* [TASK GOAL]:
If a line in the records below contains the word "auto", return that line.
*** Opening RECORD EXTRACTS ***
(* Let $C_0>c_0>0$ and $L>R>0$, and let $Q_L=\{(x,t):0<t<L^2,|x|<L\}$. Suppose $w$ satisfies in the viscosity sense $$\partial_tw-\mathcal P^+(D^2w)\le0\ \text{in }Q_L,\qquad w(x,0)\le c_0\ \text{on }\{t=0\},\qquad w\le C_0\ \text{in }\overline{Q_L}.$$ Then there is a constant $C$ depending only on $C_0,d,\Lambda$ such that $w(x,t)\le c_0+C\frac{R^2}{L^2}$ for $(x,t)\in\overline{Q_R}$.
   Context: $\mathcal P^+(M)=\Lambda\,\mathrm{Tr}M_+-\lambda\,\mathrm{Tr}M_-$ ($0<\lambda<\Lambda$) is Pucci's maximal operator on real symmetric $d\times d$ matrices, $M_\pm\ge0$ the positive and negative parts of $M$. *)

theory Defs
  imports "HOL-Analysis.Analysis"
begin

definition symmetric_mat :: "real^'n^'n \<Rightarrow> bool" where
  "symmetric_mat M \<longleftrightarrow> transpose M = M"

definition psd_mat :: "real^'n^'n \<Rightarrow> bool" where
  "psd_mat M \<longleftrightarrow> symmetric_mat M \<and> (\<forall>v. v \<bullet> (M *v v) \<ge> 0)"

text \<open>Positive and negative parts: the unique decomposition M = M_+ - M_-
  with M_+, M_- positive semidefinite and M_+ M_- = 0.\<close>
definition pos_part_mat :: "real^'n^'n \<Rightarrow> real^'n^'n" where
  "pos_part_mat M = (THE P. psd_mat P \<and> psd_mat (P - M) \<and> P ** (P - M) = 0)"

definition neg_part_mat :: "real^'n^'n \<Rightarrow> real^'n^'n" where
  "neg_part_mat M = pos_part_mat M - M"

definition pucci_max :: "real \<Rightarrow> real \<Rightarrow> real^'n^'n \<Rightarrow> real" where
  "pucci_max lam Lam M = Lam * trace (pos_part_mat M) - lam * trace (neg_part_mat M)"

definition cyl :: "real \<Rightarrow> ((real^'n) \<times> real) set" where
  "cyl L = {(x, t). 0 < t \<and> t < L\<^sup>2 \<and> norm x < L}"

definition usc_on :: "('a::metric_space) set \<Rightarrow> ('a \<Rightarrow> real) \<Rightarrow> bool" where
  "usc_on S f \<longleftrightarrow> (\<forall>p\<in>S. \<forall>e>0. \<exists>d>0. \<forall>q\<in>S. dist q p < d \<longrightarrow> f q < f p + e)"
section \<open>The relative degree structure of \<open>C A\<^sup>k (d/dt - A)\<^sup>j M\<close>\<close>

lemma C_pow_mult_dop_iter_Suc:
  assumes A: "A \<in> carrier_mat n n" and C: "C \<in> carrier_mat p n" and M: "smooth_mat n m M"
  shows "C * A ^\<^sub>m k * (dop A ^^ Suc j) M t =
    mderiv (\<lambda>s. C * A ^\<^sub>m k * (dop A ^^ j) M s) t - C * A ^\<^sub>m Suc k * (dop A ^^ j) M t"
proof -
  let ?D = "(dop A ^^ j) M"
  have D: "smooth_mat n m ?D" by (rule smooth_mat_dop_iter[OF A M])
  have CA: "C * A ^\<^sub>m k \<in> carrier_mat p n" using A C by simp
  have Dt: "?D t \<in> carrier_mat n m" by (rule smooth_matD(1)[OF D])
  have "C * A ^\<^sub>m k * (dop A ^^ Suc j) M t = C * A ^\<^sub>m k * (mderiv ?D t - A * ?D t)"
    by (simp add: dop_def)
  also have "\<dots> = C * A ^\<^sub>m k * mderiv ?D t - C * A ^\<^sub>m k * (A * ?D t)"
    using CA A Dt by (intro mult_minus_distrib_mat) (auto intro: mderiv_carrier)
  also have "C * A ^\<^sub>m k * mderiv ?D t = mderiv (\<lambda>s. C * A ^\<^sub>m k * ?D s) t"
    by (rule mderiv_mult_left[OF CA D, symmetric])
  also have "C * A ^\<^sub>m k * (A * ?D t) = C * A ^\<^sub>m Suc k * ?D t"
    using assoc_mult_mat[OF CA A Dt] assoc_mult_mat[OF C pow_carrier_mat[OF A] A] by simp
  finally show ?thesis .
qed

lemma C_pow_mult_dop_iter_zero:
  assumes A: "A \<in> carrier_mat n n" and C: "C \<in> carrier_mat p n" and M: "smooth_mat n m M"
    and vanish: "\<And>k s. k + 2 \<le> r \<Longrightarrow> C * A ^\<^sub>m k * M s = 0\<^sub>m p m"
  shows "k + j + 2 \<le> r \<Longrightarrow> C * A ^\<^sub>m k * (dop A ^^ j) M t = 0\<^sub>m p m"
proof (induction j arbitrary: k t)
  case 0
  then show ?case using vanish by simp
next
  case (Suc j)
  then have "(\<lambda>s. C * A ^\<^sub>m k * (dop A ^^ j) M s) = (\<lambda>s. 0\<^sub>m p m)" by simp
  then show ?case
    using C_pow_mult_dop_iter_Suc[OF A C M] Suc.IH[of "Suc k"] Suc.prems
    by (auto simp: mderiv_const)
qed
lemma error_bounds:
  shows "real (card (UNIV :: 'q set)) * (eta n + eta n) \<le> (1 / 2) ^ n"
    and "real (card (UNIV :: 'q set)) * (real (card (UNIV :: 'q set)) * (eta n + eta n) + eta n)
      \<le> (1 / 2) ^ (n + 2) / real (card (UNIV :: 'q set))"
proof -
  let ?C = "real (card (UNIV :: 'q set))"
  have "1 \<le> ?C"
    by (simp add: Suc_le_eq)
  then have "?C \<le> ?C ^ 3"
    using power_increasing[of 1 3 ?C] by simp
  with \<open>1 \<le> ?C\<close> have "2 * ?C * eta n \<le> 3 * ?C ^ 3 * eta n"
    by (intro mult_right_mono eta_nonneg) linarith
  then have "?C * (eta n + eta n) \<le> 3 * ?C ^ 3 * eta n"
    by (simp add: algebra_simps)
  also have "\<dots> \<le> (1 / 2) ^ (n + 2)"
    by (rule eta_small)
  also have "\<dots> \<le> (1 / 2) ^ n"
    by (rule power_decreasing) auto
  finally show "?C * (eta n + eta n) \<le> (1 / 2) ^ n" .
  have "1 * eta n \<le> ?C * eta n"
    using \<open>1 \<le> ?C\<close> by (intro mult_right_mono eta_nonneg)
  then have "?C * (?C * (eta n + eta n) + eta n) \<le> ?C * (?C * (eta n + eta n) + ?C * eta n)"
    by (intro mult_left_mono add_left_mono) auto
  also have "\<dots> = 3 * ?C ^ 3 * eta n / ?C"
    by (simp add: power3_eq_cube algebra_simps)
  also have "\<dots> \<le> (1 / 2) ^ (n + 2) / ?C"
    using eta_small[of n] by (rule divide_right_mono) simp
  finally show "?C * (?C * (eta n + eta n) + eta n) \<le> (1 / 2) ^ (n + 2) / ?C" .
qed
*** Closing RECORD EXTRACTS ***
* [FINISHED EXERCISE]:
    using CA A Dt by (intro mult_minus_distrib_mat) (auto intro: mderiv_carrier)
    by (auto simp: mderiv_const)
    by (rule power_decreasing) auto
    by (intro mult_left_mono add_left_mono) auto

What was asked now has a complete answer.